--- EXERCISE DIRECTIONS ---
Please return all lines from the records below that include the string "induction".

Stored data entries:
[Start of section]
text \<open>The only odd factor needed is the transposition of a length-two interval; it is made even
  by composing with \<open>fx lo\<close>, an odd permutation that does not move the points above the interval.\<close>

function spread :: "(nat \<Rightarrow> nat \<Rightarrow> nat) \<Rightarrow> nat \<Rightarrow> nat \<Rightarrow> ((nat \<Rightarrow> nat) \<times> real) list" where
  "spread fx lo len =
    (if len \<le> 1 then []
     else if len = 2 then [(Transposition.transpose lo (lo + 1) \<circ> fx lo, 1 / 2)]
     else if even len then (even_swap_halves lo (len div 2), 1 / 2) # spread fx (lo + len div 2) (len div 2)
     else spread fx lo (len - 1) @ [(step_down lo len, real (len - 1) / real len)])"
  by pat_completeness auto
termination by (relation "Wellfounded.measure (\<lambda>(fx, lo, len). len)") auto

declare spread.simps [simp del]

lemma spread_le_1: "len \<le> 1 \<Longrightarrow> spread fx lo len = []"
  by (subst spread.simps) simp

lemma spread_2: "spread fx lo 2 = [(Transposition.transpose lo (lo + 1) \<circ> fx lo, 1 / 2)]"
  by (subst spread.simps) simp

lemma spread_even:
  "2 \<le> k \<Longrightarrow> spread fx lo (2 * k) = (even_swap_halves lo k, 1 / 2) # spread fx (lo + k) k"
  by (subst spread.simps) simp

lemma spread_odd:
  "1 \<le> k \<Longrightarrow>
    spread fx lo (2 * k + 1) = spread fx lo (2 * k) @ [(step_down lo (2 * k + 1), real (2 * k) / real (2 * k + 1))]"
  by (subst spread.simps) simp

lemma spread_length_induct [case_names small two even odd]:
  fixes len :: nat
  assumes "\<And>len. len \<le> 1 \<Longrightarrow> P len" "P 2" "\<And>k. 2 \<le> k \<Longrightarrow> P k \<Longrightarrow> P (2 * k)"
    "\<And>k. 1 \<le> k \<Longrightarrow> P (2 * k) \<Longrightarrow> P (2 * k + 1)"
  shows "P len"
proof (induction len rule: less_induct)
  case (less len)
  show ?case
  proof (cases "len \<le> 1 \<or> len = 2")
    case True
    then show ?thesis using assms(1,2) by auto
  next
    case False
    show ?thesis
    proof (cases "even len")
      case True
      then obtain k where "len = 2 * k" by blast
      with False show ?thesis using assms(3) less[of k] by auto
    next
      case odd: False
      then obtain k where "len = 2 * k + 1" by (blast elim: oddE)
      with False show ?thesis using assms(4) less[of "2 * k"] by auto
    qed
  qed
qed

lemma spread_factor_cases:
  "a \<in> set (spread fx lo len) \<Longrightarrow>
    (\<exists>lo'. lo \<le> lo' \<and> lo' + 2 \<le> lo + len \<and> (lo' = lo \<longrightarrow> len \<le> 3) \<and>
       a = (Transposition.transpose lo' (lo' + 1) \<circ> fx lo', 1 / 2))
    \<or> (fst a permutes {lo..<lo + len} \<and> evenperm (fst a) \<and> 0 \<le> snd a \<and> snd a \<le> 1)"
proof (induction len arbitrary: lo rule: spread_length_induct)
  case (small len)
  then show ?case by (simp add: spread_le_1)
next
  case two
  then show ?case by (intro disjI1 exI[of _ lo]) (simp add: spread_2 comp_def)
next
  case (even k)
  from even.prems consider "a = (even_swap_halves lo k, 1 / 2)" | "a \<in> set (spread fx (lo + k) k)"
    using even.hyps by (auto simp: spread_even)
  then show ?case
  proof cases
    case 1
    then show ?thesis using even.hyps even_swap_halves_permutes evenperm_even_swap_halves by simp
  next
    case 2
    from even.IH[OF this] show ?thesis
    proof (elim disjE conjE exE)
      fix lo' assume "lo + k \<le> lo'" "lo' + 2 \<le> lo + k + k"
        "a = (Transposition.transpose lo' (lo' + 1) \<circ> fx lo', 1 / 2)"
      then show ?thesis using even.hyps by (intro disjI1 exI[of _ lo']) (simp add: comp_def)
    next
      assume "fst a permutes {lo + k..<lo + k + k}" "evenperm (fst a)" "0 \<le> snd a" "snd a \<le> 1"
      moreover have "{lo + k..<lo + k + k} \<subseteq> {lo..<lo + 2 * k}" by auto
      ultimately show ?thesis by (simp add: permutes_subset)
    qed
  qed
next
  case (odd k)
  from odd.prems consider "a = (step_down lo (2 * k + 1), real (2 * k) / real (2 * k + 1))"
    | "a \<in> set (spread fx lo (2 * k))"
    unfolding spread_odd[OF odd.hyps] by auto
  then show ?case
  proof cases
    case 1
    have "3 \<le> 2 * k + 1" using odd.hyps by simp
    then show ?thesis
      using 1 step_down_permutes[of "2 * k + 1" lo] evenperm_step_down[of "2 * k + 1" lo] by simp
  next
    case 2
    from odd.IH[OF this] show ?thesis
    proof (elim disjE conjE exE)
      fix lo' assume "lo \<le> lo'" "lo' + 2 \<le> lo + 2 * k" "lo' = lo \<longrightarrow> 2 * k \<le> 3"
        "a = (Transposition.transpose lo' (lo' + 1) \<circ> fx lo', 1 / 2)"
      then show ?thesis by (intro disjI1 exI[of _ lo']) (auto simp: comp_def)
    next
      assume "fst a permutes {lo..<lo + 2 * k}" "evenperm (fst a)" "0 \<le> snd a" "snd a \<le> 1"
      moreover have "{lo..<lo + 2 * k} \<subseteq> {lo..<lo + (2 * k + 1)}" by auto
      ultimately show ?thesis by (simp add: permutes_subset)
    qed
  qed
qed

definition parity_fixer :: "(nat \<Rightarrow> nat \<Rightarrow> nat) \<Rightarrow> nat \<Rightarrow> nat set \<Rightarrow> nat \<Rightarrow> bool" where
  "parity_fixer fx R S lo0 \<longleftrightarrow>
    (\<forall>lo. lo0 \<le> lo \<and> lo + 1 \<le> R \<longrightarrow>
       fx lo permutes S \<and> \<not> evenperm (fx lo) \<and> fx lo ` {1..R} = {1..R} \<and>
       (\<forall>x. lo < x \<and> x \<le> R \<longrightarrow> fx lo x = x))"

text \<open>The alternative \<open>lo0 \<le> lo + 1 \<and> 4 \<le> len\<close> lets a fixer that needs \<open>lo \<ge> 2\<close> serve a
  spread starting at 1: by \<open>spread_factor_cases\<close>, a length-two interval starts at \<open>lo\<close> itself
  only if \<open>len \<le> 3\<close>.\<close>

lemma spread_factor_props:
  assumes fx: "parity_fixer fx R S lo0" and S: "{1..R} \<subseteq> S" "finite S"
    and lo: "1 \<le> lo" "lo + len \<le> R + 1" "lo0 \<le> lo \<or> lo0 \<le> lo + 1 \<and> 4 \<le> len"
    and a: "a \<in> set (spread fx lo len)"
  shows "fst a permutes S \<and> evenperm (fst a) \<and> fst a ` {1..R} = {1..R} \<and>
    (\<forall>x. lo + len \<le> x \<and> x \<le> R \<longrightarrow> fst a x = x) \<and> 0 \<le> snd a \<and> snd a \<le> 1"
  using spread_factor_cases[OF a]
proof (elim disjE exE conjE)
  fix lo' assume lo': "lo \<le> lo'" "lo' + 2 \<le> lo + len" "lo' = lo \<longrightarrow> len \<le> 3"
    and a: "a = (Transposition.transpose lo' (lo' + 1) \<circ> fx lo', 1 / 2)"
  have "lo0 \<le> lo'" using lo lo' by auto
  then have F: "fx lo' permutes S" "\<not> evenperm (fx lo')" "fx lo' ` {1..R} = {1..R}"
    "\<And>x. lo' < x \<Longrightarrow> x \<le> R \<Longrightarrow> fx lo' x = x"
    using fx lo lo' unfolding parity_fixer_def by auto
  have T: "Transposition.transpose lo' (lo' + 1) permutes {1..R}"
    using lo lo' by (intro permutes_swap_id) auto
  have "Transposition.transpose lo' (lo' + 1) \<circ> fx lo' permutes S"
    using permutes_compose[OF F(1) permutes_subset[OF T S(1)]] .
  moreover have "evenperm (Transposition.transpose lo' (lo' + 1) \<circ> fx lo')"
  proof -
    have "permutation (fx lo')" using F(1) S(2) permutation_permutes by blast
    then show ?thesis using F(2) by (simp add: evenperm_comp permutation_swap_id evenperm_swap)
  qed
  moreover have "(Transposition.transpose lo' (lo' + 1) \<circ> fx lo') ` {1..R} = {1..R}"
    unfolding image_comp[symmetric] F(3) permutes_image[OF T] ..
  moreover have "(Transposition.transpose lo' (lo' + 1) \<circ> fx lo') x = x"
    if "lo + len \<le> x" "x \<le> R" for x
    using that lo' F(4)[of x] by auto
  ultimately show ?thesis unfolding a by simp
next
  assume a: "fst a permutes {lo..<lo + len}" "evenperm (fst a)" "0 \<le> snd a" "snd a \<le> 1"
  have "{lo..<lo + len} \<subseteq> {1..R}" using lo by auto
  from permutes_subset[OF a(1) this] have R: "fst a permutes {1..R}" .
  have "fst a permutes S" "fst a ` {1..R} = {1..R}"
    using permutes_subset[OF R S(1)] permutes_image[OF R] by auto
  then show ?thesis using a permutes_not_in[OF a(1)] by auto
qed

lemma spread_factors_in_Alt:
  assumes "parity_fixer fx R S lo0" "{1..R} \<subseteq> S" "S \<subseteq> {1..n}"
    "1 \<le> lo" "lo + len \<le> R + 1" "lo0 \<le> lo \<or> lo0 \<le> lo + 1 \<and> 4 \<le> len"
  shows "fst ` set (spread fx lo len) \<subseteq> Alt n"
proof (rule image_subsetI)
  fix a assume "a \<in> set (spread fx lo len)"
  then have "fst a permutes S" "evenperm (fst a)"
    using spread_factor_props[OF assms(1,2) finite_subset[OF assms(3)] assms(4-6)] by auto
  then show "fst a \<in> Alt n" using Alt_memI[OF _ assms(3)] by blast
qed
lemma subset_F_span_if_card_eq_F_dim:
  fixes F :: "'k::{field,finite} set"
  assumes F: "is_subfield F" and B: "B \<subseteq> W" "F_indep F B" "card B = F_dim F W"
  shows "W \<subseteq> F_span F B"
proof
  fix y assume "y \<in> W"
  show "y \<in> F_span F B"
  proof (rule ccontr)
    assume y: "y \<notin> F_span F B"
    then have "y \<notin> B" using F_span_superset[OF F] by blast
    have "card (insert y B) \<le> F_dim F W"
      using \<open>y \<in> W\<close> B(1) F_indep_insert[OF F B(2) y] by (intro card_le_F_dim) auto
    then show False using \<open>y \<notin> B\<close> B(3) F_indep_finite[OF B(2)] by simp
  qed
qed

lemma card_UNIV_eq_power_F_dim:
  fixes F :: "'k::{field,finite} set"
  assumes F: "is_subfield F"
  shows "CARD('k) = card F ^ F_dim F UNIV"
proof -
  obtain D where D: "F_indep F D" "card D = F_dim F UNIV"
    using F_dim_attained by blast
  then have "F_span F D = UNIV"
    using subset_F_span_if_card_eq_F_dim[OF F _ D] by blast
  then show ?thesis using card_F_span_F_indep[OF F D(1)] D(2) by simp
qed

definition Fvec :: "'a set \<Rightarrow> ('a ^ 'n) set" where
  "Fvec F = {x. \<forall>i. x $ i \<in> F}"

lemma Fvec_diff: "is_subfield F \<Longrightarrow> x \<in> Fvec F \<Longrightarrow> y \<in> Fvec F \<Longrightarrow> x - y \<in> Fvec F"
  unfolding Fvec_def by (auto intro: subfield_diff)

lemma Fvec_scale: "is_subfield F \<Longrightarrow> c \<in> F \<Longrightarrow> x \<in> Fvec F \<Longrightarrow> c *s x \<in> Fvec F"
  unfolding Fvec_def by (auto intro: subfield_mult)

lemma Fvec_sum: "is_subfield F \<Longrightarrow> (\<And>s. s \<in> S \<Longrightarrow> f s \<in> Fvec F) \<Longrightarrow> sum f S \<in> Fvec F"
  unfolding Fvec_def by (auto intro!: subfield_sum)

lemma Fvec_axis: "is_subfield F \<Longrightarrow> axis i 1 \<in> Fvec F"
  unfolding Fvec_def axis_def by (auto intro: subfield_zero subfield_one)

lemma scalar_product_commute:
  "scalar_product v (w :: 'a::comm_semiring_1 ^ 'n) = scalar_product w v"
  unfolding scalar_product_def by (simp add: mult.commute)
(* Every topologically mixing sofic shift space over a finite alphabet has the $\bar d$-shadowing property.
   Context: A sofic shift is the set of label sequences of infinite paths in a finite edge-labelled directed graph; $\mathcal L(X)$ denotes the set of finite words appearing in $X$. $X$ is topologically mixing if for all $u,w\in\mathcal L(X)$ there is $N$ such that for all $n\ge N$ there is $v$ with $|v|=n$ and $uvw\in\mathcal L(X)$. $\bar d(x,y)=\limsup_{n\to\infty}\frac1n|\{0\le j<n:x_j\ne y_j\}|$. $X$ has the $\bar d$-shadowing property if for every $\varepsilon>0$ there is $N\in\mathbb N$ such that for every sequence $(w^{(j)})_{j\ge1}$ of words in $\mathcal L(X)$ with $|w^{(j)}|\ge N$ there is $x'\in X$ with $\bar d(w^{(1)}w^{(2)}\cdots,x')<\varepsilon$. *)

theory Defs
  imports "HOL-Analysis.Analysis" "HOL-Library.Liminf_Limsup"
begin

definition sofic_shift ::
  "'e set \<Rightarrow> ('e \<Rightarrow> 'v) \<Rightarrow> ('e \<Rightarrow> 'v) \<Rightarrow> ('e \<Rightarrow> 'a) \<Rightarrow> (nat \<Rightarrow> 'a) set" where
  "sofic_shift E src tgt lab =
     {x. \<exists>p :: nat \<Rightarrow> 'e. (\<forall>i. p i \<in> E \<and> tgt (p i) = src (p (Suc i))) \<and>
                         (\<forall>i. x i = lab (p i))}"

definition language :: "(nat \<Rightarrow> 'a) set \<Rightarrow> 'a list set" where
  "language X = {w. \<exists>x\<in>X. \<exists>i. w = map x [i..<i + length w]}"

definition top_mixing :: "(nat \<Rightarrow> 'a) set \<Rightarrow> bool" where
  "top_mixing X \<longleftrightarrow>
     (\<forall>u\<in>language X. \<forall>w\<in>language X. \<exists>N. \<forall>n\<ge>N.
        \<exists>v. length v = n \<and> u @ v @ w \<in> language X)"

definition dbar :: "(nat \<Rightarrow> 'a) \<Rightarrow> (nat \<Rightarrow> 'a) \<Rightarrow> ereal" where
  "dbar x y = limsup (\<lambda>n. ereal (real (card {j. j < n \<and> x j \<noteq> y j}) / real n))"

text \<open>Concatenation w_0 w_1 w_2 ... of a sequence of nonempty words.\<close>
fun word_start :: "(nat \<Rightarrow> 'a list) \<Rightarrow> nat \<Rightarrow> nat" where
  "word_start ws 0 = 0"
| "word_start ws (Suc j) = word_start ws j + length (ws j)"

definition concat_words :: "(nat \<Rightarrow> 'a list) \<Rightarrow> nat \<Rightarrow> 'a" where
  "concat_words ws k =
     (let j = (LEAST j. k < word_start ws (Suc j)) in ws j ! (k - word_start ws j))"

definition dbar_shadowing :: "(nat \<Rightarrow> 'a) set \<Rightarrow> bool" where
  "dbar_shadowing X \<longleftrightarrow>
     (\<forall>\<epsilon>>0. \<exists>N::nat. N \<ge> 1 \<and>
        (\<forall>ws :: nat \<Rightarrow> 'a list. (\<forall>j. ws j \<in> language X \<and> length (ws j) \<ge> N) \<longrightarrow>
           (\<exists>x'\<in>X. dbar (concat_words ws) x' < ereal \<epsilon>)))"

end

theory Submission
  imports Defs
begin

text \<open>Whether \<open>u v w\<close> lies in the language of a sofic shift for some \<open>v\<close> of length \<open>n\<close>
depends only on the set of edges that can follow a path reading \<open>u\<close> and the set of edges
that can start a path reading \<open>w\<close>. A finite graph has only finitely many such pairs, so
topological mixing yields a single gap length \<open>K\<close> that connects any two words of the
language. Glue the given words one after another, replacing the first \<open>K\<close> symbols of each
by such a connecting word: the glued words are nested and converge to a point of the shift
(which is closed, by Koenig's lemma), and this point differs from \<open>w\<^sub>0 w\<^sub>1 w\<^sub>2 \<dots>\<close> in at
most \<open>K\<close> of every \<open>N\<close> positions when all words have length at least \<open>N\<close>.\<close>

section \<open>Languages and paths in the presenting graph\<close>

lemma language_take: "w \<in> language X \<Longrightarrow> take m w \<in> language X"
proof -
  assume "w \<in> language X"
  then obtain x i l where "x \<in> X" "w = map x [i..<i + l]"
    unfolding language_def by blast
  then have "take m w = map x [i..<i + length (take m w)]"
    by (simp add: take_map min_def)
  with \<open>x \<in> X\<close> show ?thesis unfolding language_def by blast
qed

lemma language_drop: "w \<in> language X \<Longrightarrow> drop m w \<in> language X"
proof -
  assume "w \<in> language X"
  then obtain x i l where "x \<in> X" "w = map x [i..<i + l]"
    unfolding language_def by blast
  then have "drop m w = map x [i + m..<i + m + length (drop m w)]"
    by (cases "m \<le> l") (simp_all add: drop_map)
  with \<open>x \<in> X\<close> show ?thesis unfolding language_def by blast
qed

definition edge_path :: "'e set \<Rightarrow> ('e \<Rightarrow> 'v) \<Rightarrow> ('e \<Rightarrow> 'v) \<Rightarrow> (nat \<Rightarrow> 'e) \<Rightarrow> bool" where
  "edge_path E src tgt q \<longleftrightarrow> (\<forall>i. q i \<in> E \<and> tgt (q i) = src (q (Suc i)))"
[End of section]
--- FINISHED EXERCISE ---
proof (induction len rule: less_induct)
proof (induction len arbitrary: lo rule: spread_length_induct)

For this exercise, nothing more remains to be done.